By analyzing the individual biology of a woman’s tumor, the DCISionRT test categorizes the risk of recurrence as low, elevated or residual risk. This information allows surgeons and radiation oncologists to determine whether radiation therapy will benefit a particular patient.
- For women identified as low risk, the test may offer the reassurance of forgoing radiation therapy while maintaining a high probability of a cancer-free future.
- For those with elevated or residual risk, the test may confirm the need for radiation therapy, and can help optimize treatment plans for improved patient outcomes.
“I nearly fell off my chair because that was not what I was expecting,” LeeAnne says. “This changed my treatment plans. Instead of a mastectomy, I got a lumpectomy, which revealed another surprise — the initial biopsy had already removed all the cancer.”
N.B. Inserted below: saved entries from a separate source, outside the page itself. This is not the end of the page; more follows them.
theorem mainTheorem5:
  fixes \<delta> :: real and P :: "nat \<Rightarrow> real ^ 'd" and n h :: nat and es :: "real list"
  assumes "\<delta> > 1"
    and "n \<ge> 1"
    and "\<And>i j. i \<in> {1..n} \<Longrightarrow> j \<in> {1..n} \<Longrightarrow> i \<noteq> j \<Longrightarrow> P i \<noteq> P j"
    and "\<And>i j. i \<in> {1..n} \<Longrightarrow> j \<in> {1..n} \<Longrightarrow> i \<noteq> j \<Longrightarrow> cdist P i j \<in> {1, \<delta>}"
    and "h \<le> n - 1"
    and "\<And>i. 1 \<le> i \<Longrightarrow> i \<le> h \<Longrightarrow> cdist P i n = 1"
    and "\<And>i. h < i \<Longrightarrow> i \<le> n - 1 \<Longrightarrow> cdist P i n = \<delta>"
    and "eigvals_desc (Smat \<delta> P n h) es"
  shows "(\<forall>i. CARD('d) + 2 \<le> i \<and> i \<le> n - 2 \<longrightarrow> es ! (i - 1) = (1 + \<delta>^2) / (1 - \<delta>^2))
       \<and> (n \<ge> CARD('d) + 3 \<longrightarrow> es ! (n - 2) \<le> (1 + \<delta>^2) / (1 - \<delta>^2))"
proof -
  have "es ! j \<le> (1 + \<delta>^2) / (1 - \<delta>^2)" if "CARD('d) + 1 \<le> j" "j < n - 1" for j
    using Smat_eigenvalue_le[OF assms(1,8)] that by simp
  moreover have "(1 + \<delta>^2) / (1 - \<delta>^2) \<le> es ! j" if "j + 2 \<le> n - 1" for j
    using Smat_eigenvalue_ge[OF assms(1,8) that] .
  ultimately show ?thesis
    by (auto intro: antisym)
qed
(* Let $L>0$ and let $\alpha,\beta:\mathbb{R}\to\mathbb{R}^2$ be smooth $L$-periodic maps with $\alpha'$ nowhere zero, $\langle\beta,\alpha'\rangle = 0$ and $|\alpha'|^2+|\beta|^2=1$. Let $\gamma(t,s) = \tfrac12(\alpha(s+t)+\alpha(s-t)) + \tfrac12\int_{s-t}^{s+t}\beta(\xi)\,d\xi$, $a=\alpha'+\beta$, $b=\alpha'-\beta$, and let $\psi,\tilde\psi:\mathbb{R}\to\mathbb{R}$ be smooth functions with $a = (\cos\psi,\sin\psi)$ and $b = -(\cos\tilde\psi,\sin\tilde\psi)$. Assume that $\alpha$ has zero rotation index and that the unit tangent map is continuous. Then for any $r$, there do not exist $s_0,s_1$ with $0<s_1-s_0<L$ and $\psi(s_0)=\psi(s_1)=\tilde\psi(r)$; that is, modulo $L$ there is at most one $s$ with $\psi(s) = \tilde\psi(r)$.
   Context: The rotation index of $\alpha$ is the degree of $\alpha'/|\alpha'|$ as a map from $\mathbb{R}/L\mathbb{Z}$ to the unit circle; when it is zero, $\psi$ and $\tilde\psi$ are $L$-periodic. The unit tangent map is $U(t,s)=\gamma_{,s}(t,s)/|\gamma_{,s}(t,s)|$, defined where $\gamma_{,s}\neq0$ (note $2\gamma_{,s}(t,s)=a(s+t)+b(s-t)$); it is called continuous if for every $t$, $s\mapsto U(t,s)$ extends to a continuous map on all of $\mathbb{R}$. *)

theory Defs
  imports "HOL-Analysis.Analysis"
begin

text \<open>The plane R^2 is modelled by the type complex (with its real inner product).\<close>

definition smooth_fun :: "(real \<Rightarrow> 'a::real_normed_vector) \<Rightarrow> bool" where
  "smooth_fun f \<longleftrightarrow> (\<exists>D :: nat \<Rightarrow> real \<Rightarrow> 'a. D 0 = f \<and>
      (\<forall>n x. (D n has_vector_derivative D (Suc n) x) (at x)))"

definition signed_integral :: "real \<Rightarrow> real \<Rightarrow> (real \<Rightarrow> complex) \<Rightarrow> complex" where
  "signed_integral u v f = (if u \<le> v then integral {u..v} f else - integral {v..u} f)"

definition gam :: "(real \<Rightarrow> complex) \<Rightarrow> (real \<Rightarrow> complex) \<Rightarrow> real \<Rightarrow> real \<Rightarrow> complex" where
  "gam \<alpha> \<beta> t s = (\<alpha> (s + t) + \<alpha> (s - t)) / 2 + signed_integral (s - t) (s + t) \<beta> / 2"

definition gam_s :: "(real \<Rightarrow> complex) \<Rightarrow> (real \<Rightarrow> complex) \<Rightarrow> real \<Rightarrow> real \<Rightarrow> complex" where
  "gam_s \<alpha> \<beta> t s = vector_derivative (\<lambda>s'. gam \<alpha> \<beta> t s') (at s)"

text \<open>Unit tangent map U(t,s) (meaningful where gamma_{,s}(t,s) is nonzero).\<close>
definition unit_tangent :: "(real \<Rightarrow> complex) \<Rightarrow> (real \<Rightarrow> complex) \<Rightarrow> real \<Rightarrow> real \<Rightarrow> complex" where
  "unit_tangent \<alpha> \<beta> t s = gam_s \<alpha> \<beta> t s / of_real (norm (gam_s \<alpha> \<beta> t s))"

definition unit_tangent_continuous :: "(real \<Rightarrow> complex) \<Rightarrow> (real \<Rightarrow> complex) \<Rightarrow> bool" where
  "unit_tangent_continuous \<alpha> \<beta> \<longleftrightarrow> (\<forall>t. \<exists>V :: real \<Rightarrow> complex. continuous_on UNIV V \<and>
      (\<forall>s. gam_s \<alpha> \<beta> t s \<noteq> 0 \<longrightarrow> V s = unit_tangent \<alpha> \<beta> t s))"

text \<open>Rotation index of alpha (period L): degree of alpha'/|alpha'| as a map R/LZ -> S^1,
  computed via a continuous lift theta with alpha'/|alpha'| = cis theta.\<close>
definition rotation_index :: "(real \<Rightarrow> complex) \<Rightarrow> real \<Rightarrow> real" where
  "rotation_index \<alpha> L = (let \<theta> = (SOME \<theta> :: real \<Rightarrow> real. continuous_on UNIV \<theta> \<and>
        (\<forall>t. sgn (vector_derivative \<alpha> (at t)) = cis (\<theta> t)))
     in (\<theta> L - \<theta> 0) / (2 * pi))"

end

theory Submission
  imports Defs
begin

text \<open>Write \<open>2\<alpha>' = cis \<psi> - cis \<psi>t\<close>. Zero rotation index and \<open>\<alpha>' \<noteq> 0\<close> make \<open>\<psi>\<close> and \<open>\<psi>t\<close> \<open>L\<close>-periodic,
  and \<open>\<alpha>(L) = \<alpha>(0)\<close> gives \<open>\<integral>\<^sub>0\<^sup>L cis \<psi> = \<integral>\<^sub>0\<^sup>L cis \<psi>t\<close>. Since
  \<open>\<gamma>\<^sub>,\<^sub>s(t, s) = (cis \<psi>(s + t) - cis \<psi>t(s - t))/2\<close>, continuity of the unit tangent forbids
  \<open>\<psi>(u) \<equiv> \<psi>t(v) (mod 2\<pi>)\<close> with \<open>\<psi>'(u) > 0 > \<psi>t'(v)\<close>. Hence the ranges of \<open>\<psi>\<close> and \<open>\<psi>t\<close> overlap
  modulo \<open>2\<pi>\<close> in at most an endpoint, so a common value \<open>c\<close> leaves them on opposite sides of \<open>c\<close>
  within one turn. After rotating this arc to be centred, \<open>Re cis \<psi> \<ge> const \<ge> Re cis \<psi>t\<close>, and the
  equal integrals confine \<open>\<psi>\<close> to the two ends of its range, contradicting continuity (if one of
  the functions is constant they force \<open>\<alpha>' = 0\<close> instead). So \<open>\<psi>\<close> and \<open>\<psi>t\<close> never share a value.\<close>

section \<open>Angles and lifts\<close>

lemma smooth_fun_has_continuous_derivative:
  assumes "smooth_fun f"
  obtains f' where "\<And>x. (f has_vector_derivative f' x) (at x)"
    and "continuous_on UNIV f'" and "continuous_on UNIV f"
proof -
  obtain D where D0: "D 0 = f" and D: "\<And>n x. (D n has_vector_derivative D (Suc n) x) (at x)"
    using assms unfolding smooth_fun_def by blast
  have "continuous_on UNIV (D n)" for n
    by (metis D continuous_at_imp_continuous_on has_vector_derivative_continuous)
  then show ?thesis using that[of "D 1"] D[of 0] D0 by auto
qed

lemma smooth_fun_has_continuous_real_derivative:
  fixes f :: "real \<Rightarrow> real"
  assumes "smooth_fun f"
  obtains f' where "\<And>x. (f has_real_derivative f' x) (at x)"
    and "continuous_on UNIV f'" and "continuous_on UNIV f"
  using smooth_fun_has_continuous_derivative[OF assms] that
  by (metis has_real_derivative_iff_has_vector_derivative)

lemma cis_diff_eq: "cis A - cis B = 2 * \<i> * cis ((A + B) / 2) * complex_of_real (sin ((A - B) / 2))"
proof -
  have "cis (M + D) - cis (M - D) = 2 * \<i> * cis M * complex_of_real (sin D)" for M D
    by (simp add: complex_eq_iff cos_add sin_add cos_diff sin_diff)
  from this[of "(A + B) / 2" "(A - B) / 2"] show ?thesis by (simp add: field_simps)
qed

lemma cis_eq_cis_imp:
  assumes "cis a = cis b"
  obtains k :: int where "a = b + 2 * pi * k"
proof -
  have "cis (a - b) = 1" using assms by (simp add: cis_divide[symmetric])
  then have "cos (a - b) = 1" by (simp add: complex_eq_iff)
  then obtain k :: int where "a - b = k * 2 * pi" by (auto simp: cos_one_2pi_int)
  then show ?thesis using that[of k] by (simp add: algebra_simps)
qed

lemma cis_eq_1_if_cos_eq_1: "cos x = 1 \<Longrightarrow> cis x = 1"
  using sin_cos_squared_add[of x] by (simp add: complex_eq_iff)

lemma sin_int_pi_add_mult: "sin (of_int k * pi + x) * sin (of_int k * pi + y) = sin x * sin y"
proof -
  have s: "sin (of_int k * pi) = 0" by (metis mult.commute sin_npi_int)
  have "cos (of_int k * pi) ^ 2 = 1" using s sin_cos_squared_add[of "of_int k * pi"] by simp
  then show ?thesis by (simp add: sin_add s power2_eq_square algebra_simps)
qed

lemma cos_le_cos_of_abs_le:
  assumes "\<bar>y\<bar> \<le> z" "z \<le> pi" shows "cos z \<le> cos y"
  using assms by (metis abs_ge_zero cos_abs_real cos_mono_le_eq order_trans)

lemma cos_le_cos_of_gap:
  assumes "z / 2 - 2 * pi \<le> w" "w \<le> - z / 2" "0 \<le> z" "z \<le> 2 * pi" shows "cos w \<le> cos (z / 2)"
proof (cases "- pi \<le> w")
  case True
  then show ?thesis using assms cos_le_cos_of_abs_le[of "z / 2" "- w"] by simp
next
  case False
  then have "cos (w + 2 * pi) \<le> cos (z / 2)"
    using assms cos_le_cos_of_abs_le[of "z / 2" "w + 2 * pi"] by simp
  then show ?thesis by simp
qed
Today, LeeAnne shares her story in DCIS online support groups, encouraging other women to explore their options.
“Women with DCIS are overwhelmed with so many decisions,” LeeAnne says. “I tell them about DCISionRT and my experience. Even if your doctors don’t present it as an option, it’s out there. But you have to advocate for yourself to get it.”
Having avoided more aggressive treatment, LeeAnne now focuses on maintaining her health through regular screenings, exercise and a healthy diet. She alternates between mammograms and MRIs for monitoring, working with both traditional and naturopathic doctors to maintain her health.
“I feel confident with DCISionRT that my recurrence rate is very low,” LeeAnne says. “Now, I can move forward with my life and enjoy it to the fullest. The results of this test saved me from what I felt was an over-treatment of my DCIS.”